- Data records

lemma prod_rGamma_growth_le:
  assumes "finite I" and "(\<Sum>i\<in>I. l i) = (0::int)"
  shows "(\<Prod>i\<in>I. rGamma_growth (l i)) \<le> 2 ^ (card I * (\<Sum>i\<in>I. nat \<bar>l i\<bar>))"
proof -
  define p where "p i = nat (l i)" for i
  define q where "q i = nat (- l i)" for i
  have "(\<Sum>i\<in>I. int (p i)) - (\<Sum>i\<in>I. int (q i)) = (\<Sum>i\<in>I. l i)"
    unfolding sum_subtractf[symmetric] by (rule sum.cong) (auto simp: p_def q_def)
  then have balance: "(\<Sum>i\<in>I. p i) = (\<Sum>i\<in>I. q i)"
    using assms(2) by (simp flip: of_nat_sum)
  have "(\<Prod>i\<in>I. rGamma_growth (l i)) = (\<Prod>i\<in>I. fact (q i)) / (\<Prod>i\<in>I. fact (p i))"
    by (simp add: rGamma_growth_def p_def q_def prod_dividef)
  also have "\<dots> \<le> fact (\<Sum>i\<in>I. p i) / (\<Prod>i\<in>I. fact (p i))"
    unfolding balance by (intro divide_right_mono prod_fact_le_fact_sum assms) (auto intro: prod_nonneg)
  also have "\<dots> \<le> 2 ^ (card I * (\<Sum>i\<in>I. p i))"
    using fact_sum_le_pow2_prod_fact[OF assms(1), of p] by (simp add: divide_le_eq prod_pos)
  also have "\<dots> \<le> 2 ^ (card I * (\<Sum>i\<in>I. nat \<bar>l i\<bar>))"
    by (intro power_increasing mult_le_mono2 sum_mono) (auto simp: p_def)
  finally show ?thesis .
qed

section \<open>Growth of the reciprocal Gamma function\<close>

lemma norm_rGamma_le_pos_shift:
  fixes g :: real and J k :: nat
  assumes J: "2 * \<bar>g\<bar> + 2 \<le> real J"
    and M: "\<And>s. cmod s \<le> \<bar>g\<bar> + real J + 2 \<Longrightarrow> cmod (rGamma (s + 1)) \<le> M"
    and s: "cmod (s - of_real (real k + g)) \<le> 1"
  shows "cmod (rGamma (s + 1)) \<le> M * fact J * 2 ^ k / fact k"
proof -
  have M0: "0 \<le> M"
    using M[of 0] J by (auto intro: order_trans[OF norm_ge_zero])
  have near: "cmod (rGamma (s' + 1)) \<le> M * fact J * 2 ^ i / fact i"
    if s': "cmod (s' - of_real (real i + g)) \<le> 1" and "i \<le> J" for s' i
  proof -
    have "cmod s' \<le> cmod (of_real (real i + g) :: complex) + 1"
      using norm_triangle_sub[of s' "of_real (real i + g)"] s' by linarith
    then have "cmod s' \<le> \<bar>g\<bar> + real J + 2"
      unfolding norm_of_real using \<open>i \<le> J\<close> by linarith
    then have "cmod (rGamma (s' + 1)) \<le> M * 1" using M by simp
    also have "\<dots> \<le> M * (fact J * 2 ^ i / fact i)"
    proof -
      have "(fact i :: real) \<le> fact J * 1"
        using fact_mono[OF \<open>i \<le> J\<close>] by simp
      also have "\<dots> \<le> fact J * 2 ^ i"
        by (intro mult_left_mono one_le_power) auto
      finally show ?thesis
        using M0 by (intro mult_left_mono) (auto simp: divide_simps)
    qed
    finally show ?thesis by simp
  qed
  show ?thesis
    using s
  proof (induction k arbitrary: s)
    case 0
    then show ?case by (intro near) auto
  next
    case (Suc k)
    show ?case
    proof (cases "Suc k \<le> J")
      case True
      with Suc.prems show ?thesis by (rule near)
    next
      case False
      have "cmod ((s - 1) - of_real (real k + g)) \<le> 1"
        using Suc.prems by (simp add: algebra_simps)
      then have IH: "cmod (rGamma s) \<le> M * fact J * 2 ^ k / fact k"
        using Suc.IH[of "s - 1"] by simp
      have "real (Suc k) + g - 1 \<le> Re s"
        using Suc.prems abs_Re_le_cmod[of "s - of_real (real (Suc k) + g)"] by auto
      then have s_large: "(real k + 1) / 2 \<le> cmod s"
        using False J complex_Re_le_cmod[of s] by auto
      then have "s \<noteq> 0" by auto
      then have "cmod (rGamma (s + 1)) = cmod (rGamma s) / cmod s"
        by (metis rGamma_plus1 nonzero_eq_divide_eq norm_divide mult.commute)
      also have "\<dots> \<le> (M * fact J * 2 ^ k / fact k) / ((real k + 1) / 2)"
        by (rule frac_le) (use IH M0 s_large in auto)
      also have "\<dots> = M * fact J * 2 ^ Suc k / fact (Suc k)"
        by (simp add: field_simps)
      finally show ?thesis .
    qed
  qed
qed

lemma norm_rGamma_le_neg_shift:
  fixes g :: real and J k :: nat
  assumes J: "2 * \<bar>g\<bar> + 2 \<le> real J"
    and M: "\<And>s. cmod s \<le> \<bar>g\<bar> + real J + 2 \<Longrightarrow> cmod (rGamma (s + 1)) \<le> M"
    and s: "cmod (s - of_real (g - real k)) \<le> 1"
  shows "cmod (rGamma (s + 1)) \<le> M * fact J * 2 ^ k * fact k"
proof -
  have M0: "0 \<le> M"
    using M[of 0] J by (auto intro: order_trans[OF norm_ge_zero])
  have near: "cmod (rGamma (s' + 1)) \<le> M * fact J * 2 ^ i * fact i"
    if s': "cmod (s' - of_real (g - real i)) \<le> 1" and "i \<le> J" for s' i
  proof -
    have "cmod s' \<le> cmod (of_real (g - real i) :: complex) + 1"
      using norm_triangle_sub[of s' "of_real (g - real i)"] s' by linarith
    then have "cmod s' \<le> \<bar>g\<bar> + real J + 2"
      unfolding norm_of_real using \<open>i \<le> J\<close> by linarith
    then have "cmod (rGamma (s' + 1)) \<le> M * 1" using M by simp
    also have "\<dots> \<le> M * (fact J * 2 ^ i * fact i)"
      using M0 by (intro mult_left_mono mult_ge1_I one_le_power fact_ge_1) auto
    finally show ?thesis by (simp add: mult.assoc)
  qed
  show ?thesis
    using s
  proof (induction k arbitrary: s)
    case 0
    then show ?case by (intro near) auto
  next
    case (Suc k)
    show ?case
    proof (cases "Suc k \<le> J")
      case True
      with Suc.prems show ?thesis by (rule near)
    next
      case False
      have s1: "cmod ((s + 1) - of_real (g - real k)) \<le> 1"
        using Suc.prems by (simp add: algebra_simps)
      then have IH: "cmod (rGamma (s + 1 + 1)) \<le> M * fact J * 2 ^ k * fact k"
        by (rule Suc.IH)
      have "cmod (s + 1) \<le> cmod (of_real (g - real k) :: complex) + 1"
        using norm_triangle_sub[of "s + 1" "of_real (g - real k)"] s1 by linarith
      then have "cmod (s + 1) \<le> 1 + (\<bar>g\<bar> + real k)"
        unfolding norm_of_real by linarith
      then have "cmod (s + 1) \<le> 2 * (real k + 1)"
        using False J by auto
      moreover have "cmod (rGamma (s + 1)) = cmod (s + 1) * cmod (rGamma (s + 1 + 1))"
        by (metis rGamma_plus1 norm_mult)
      ultimately have "cmod (rGamma (s + 1)) \<le> (2 * (real k + 1)) * (M * fact J * 2 ^ k * fact k)"
        using IH by (auto intro: mult_mono)
      also have "\<dots> = M * fact J * 2 ^ Suc k * fact (Suc k)"
        by (simp add: field_simps)
      finally show ?thesis .
    qed
  qed
qed

lemma norm_rGamma_growth:
  fixes g :: real
  obtains A where "0 \<le> A"
    and "\<And>l s. cmod (s - of_real (of_int l + g)) \<le> 1 \<Longrightarrow>
           cmod (rGamma (s + 1)) \<le> A * 2 ^ nat \<bar>l\<bar> * rGamma_growth l"
proof -
  define J where "J = nat \<lceil>2 * \<bar>g\<bar> + 2\<rceil>"
  have J: "2 * \<bar>g\<bar> + 2 \<le> real J"
    unfolding J_def by linarith
  have "compact ((\<lambda>s. rGamma (s + 1)) ` cball (0::complex) (\<bar>g\<bar> + real J + 2))"
    by (intro compact_continuous_image continuous_on_compose2[OF continuous_on_rGamma[of UNIV]]
        continuous_intros compact_cball) auto
  then obtain M where M: "\<And>s. cmod s \<le> \<bar>g\<bar> + real J + 2 \<Longrightarrow> cmod (rGamma (s + 1)) \<le> M"
    by (fastforce dest!: compact_imp_bounded simp: bounded_iff)
  have M0: "0 \<le> M"
    using M[of 0] J by (auto intro: order_trans[OF norm_ge_zero])
  show ?thesis
  proof (rule that[of "M * fact J"])
    show "0 \<le> M * fact J"
      using M0 by simp
    fix l :: int and s
    assume s: "cmod (s - of_real (of_int l + g)) \<le> 1"
    show "cmod (rGamma (s + 1)) \<le> M * fact J * 2 ^ nat \<bar>l\<bar> * rGamma_growth l"
    proof (cases "0 \<le> l")
      case True
      with s have "cmod (s - of_real (real (nat l) + g)) \<le> 1" by simp
      from norm_rGamma_le_pos_shift[OF J M this] True show ?thesis
        by (simp add: rGamma_growth_def)
    next
      case False
      with s have "cmod (s - of_real (g - real (nat (- l)))) \<le> 1" by (simp add: add.commute)
      from norm_rGamma_le_neg_shift[OF J M this] False show ?thesis
        by (simp add: rGamma_growth_def)
    qed
  qed
qed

- Exercise requirements
Extract exactly and only the lines above from the line containing "J * 2 ^ nat" through the line containing "from norm_rGamma_le_neg_shift[OF J", both end lines included.

- Solution to this exercise
    show "cmod (rGamma (s + 1)) \<le> M * fact J * 2 ^ nat \<bar>l\<bar> * rGamma_growth l"
    proof (cases "0 \<le> l")
      case True
      with s have "cmod (s - of_real (real (nat l) + g)) \<le> 1" by simp
      from norm_rGamma_le_pos_shift[OF J M this] True show ?thesis
        by (simp add: rGamma_growth_def)
    next
      case False
      with s have "cmod (s - of_real (g - real (nat (- l)))) \<le> 1" by (simp add: add.commute)
      from norm_rGamma_le_neg_shift[OF J M this] False show ?thesis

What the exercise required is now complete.